= Task to complete =
Sift the material for lines containing "induction", and return them.

= Information supplied =
___

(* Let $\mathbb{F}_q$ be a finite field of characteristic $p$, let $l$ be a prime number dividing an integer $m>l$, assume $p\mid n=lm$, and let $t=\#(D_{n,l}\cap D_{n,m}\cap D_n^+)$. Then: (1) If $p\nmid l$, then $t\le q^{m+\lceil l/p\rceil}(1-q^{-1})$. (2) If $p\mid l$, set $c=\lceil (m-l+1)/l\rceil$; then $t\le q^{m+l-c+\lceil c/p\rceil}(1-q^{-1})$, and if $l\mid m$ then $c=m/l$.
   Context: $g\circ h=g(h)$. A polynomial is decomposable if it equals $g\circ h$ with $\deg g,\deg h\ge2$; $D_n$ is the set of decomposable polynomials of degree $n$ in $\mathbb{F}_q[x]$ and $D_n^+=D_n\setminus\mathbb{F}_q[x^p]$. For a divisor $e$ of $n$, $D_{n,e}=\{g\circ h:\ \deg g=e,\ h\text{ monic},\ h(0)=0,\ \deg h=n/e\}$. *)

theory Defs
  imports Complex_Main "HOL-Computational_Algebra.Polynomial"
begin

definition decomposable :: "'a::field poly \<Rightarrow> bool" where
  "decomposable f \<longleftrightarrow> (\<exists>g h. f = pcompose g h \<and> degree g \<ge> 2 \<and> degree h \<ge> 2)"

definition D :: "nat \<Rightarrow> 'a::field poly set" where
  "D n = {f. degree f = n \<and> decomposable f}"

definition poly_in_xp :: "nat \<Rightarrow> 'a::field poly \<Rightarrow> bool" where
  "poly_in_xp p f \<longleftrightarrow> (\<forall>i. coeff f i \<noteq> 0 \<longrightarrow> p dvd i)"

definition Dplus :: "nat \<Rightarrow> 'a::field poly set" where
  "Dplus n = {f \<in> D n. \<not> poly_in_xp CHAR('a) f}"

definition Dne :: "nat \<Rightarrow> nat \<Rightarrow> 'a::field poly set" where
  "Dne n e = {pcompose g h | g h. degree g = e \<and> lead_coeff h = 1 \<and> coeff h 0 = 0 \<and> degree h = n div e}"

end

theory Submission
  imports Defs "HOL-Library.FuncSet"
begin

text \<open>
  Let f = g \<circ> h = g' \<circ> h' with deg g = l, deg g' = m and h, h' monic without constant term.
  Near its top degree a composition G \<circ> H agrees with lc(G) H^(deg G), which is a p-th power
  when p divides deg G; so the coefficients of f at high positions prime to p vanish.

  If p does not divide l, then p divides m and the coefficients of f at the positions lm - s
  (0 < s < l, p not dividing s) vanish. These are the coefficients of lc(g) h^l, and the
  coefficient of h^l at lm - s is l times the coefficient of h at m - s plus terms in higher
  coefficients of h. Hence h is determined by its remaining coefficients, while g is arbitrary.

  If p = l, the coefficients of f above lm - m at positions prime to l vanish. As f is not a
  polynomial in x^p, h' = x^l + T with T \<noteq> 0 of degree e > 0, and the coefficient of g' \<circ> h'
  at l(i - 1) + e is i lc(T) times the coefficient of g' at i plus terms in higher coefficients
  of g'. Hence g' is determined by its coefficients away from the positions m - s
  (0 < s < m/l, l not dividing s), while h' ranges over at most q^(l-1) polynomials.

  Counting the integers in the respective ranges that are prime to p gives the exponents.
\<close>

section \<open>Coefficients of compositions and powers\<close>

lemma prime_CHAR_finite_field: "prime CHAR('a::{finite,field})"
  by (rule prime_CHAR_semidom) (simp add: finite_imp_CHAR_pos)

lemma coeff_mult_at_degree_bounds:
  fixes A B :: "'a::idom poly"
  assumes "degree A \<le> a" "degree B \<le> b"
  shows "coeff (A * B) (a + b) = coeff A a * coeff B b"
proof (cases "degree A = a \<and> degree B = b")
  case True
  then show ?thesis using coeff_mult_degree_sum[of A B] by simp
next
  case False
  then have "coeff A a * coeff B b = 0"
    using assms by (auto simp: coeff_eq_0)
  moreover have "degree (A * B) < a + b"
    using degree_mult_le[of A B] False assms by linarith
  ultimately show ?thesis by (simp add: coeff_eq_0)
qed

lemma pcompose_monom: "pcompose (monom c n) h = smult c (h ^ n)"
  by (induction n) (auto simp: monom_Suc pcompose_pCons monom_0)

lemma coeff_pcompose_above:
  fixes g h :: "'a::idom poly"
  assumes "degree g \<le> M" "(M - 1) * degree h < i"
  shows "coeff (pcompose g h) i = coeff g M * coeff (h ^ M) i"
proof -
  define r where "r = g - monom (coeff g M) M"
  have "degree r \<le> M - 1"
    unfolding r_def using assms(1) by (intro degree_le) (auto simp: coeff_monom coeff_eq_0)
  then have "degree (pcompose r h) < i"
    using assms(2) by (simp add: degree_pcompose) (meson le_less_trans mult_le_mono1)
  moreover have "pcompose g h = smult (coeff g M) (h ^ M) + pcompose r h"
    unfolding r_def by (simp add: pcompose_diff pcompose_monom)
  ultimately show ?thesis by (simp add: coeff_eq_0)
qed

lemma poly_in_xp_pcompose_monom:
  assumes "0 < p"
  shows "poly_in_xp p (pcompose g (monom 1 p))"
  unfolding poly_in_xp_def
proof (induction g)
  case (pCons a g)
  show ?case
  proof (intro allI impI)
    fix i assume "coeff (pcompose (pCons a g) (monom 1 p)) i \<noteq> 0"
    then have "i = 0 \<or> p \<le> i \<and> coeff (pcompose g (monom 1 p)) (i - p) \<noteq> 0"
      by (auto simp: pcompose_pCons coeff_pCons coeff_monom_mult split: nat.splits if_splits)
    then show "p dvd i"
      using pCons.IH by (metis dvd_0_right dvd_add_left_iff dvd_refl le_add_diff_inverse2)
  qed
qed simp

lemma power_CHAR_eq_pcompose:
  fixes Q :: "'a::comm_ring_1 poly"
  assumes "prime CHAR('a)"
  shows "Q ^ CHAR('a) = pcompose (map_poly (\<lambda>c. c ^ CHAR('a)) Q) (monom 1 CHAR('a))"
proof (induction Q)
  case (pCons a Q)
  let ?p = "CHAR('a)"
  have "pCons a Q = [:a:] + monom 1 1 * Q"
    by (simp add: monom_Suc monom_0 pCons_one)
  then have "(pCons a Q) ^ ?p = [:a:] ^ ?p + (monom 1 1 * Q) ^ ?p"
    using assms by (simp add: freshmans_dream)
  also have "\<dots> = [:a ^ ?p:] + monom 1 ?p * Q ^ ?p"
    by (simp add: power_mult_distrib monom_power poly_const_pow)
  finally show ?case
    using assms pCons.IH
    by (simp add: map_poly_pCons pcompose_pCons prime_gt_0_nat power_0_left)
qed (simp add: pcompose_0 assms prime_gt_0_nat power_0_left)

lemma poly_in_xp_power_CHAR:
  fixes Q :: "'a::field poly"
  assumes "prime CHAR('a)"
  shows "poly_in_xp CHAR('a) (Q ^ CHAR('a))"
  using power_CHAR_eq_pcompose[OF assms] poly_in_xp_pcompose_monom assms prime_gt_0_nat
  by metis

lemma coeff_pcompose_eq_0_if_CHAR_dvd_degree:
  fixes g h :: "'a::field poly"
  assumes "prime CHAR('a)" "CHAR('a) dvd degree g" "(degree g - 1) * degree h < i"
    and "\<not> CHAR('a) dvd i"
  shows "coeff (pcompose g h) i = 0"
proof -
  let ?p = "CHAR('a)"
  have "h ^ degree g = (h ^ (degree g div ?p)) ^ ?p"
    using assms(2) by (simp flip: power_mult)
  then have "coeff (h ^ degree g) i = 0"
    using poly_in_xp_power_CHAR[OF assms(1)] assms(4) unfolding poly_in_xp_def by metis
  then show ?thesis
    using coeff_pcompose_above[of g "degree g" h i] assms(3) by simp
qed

___

= Expected answer =
  by (induction n) (auto simp: monom_Suc pcompose_pCons monom_0)
proof (induction g)
proof (induction Q)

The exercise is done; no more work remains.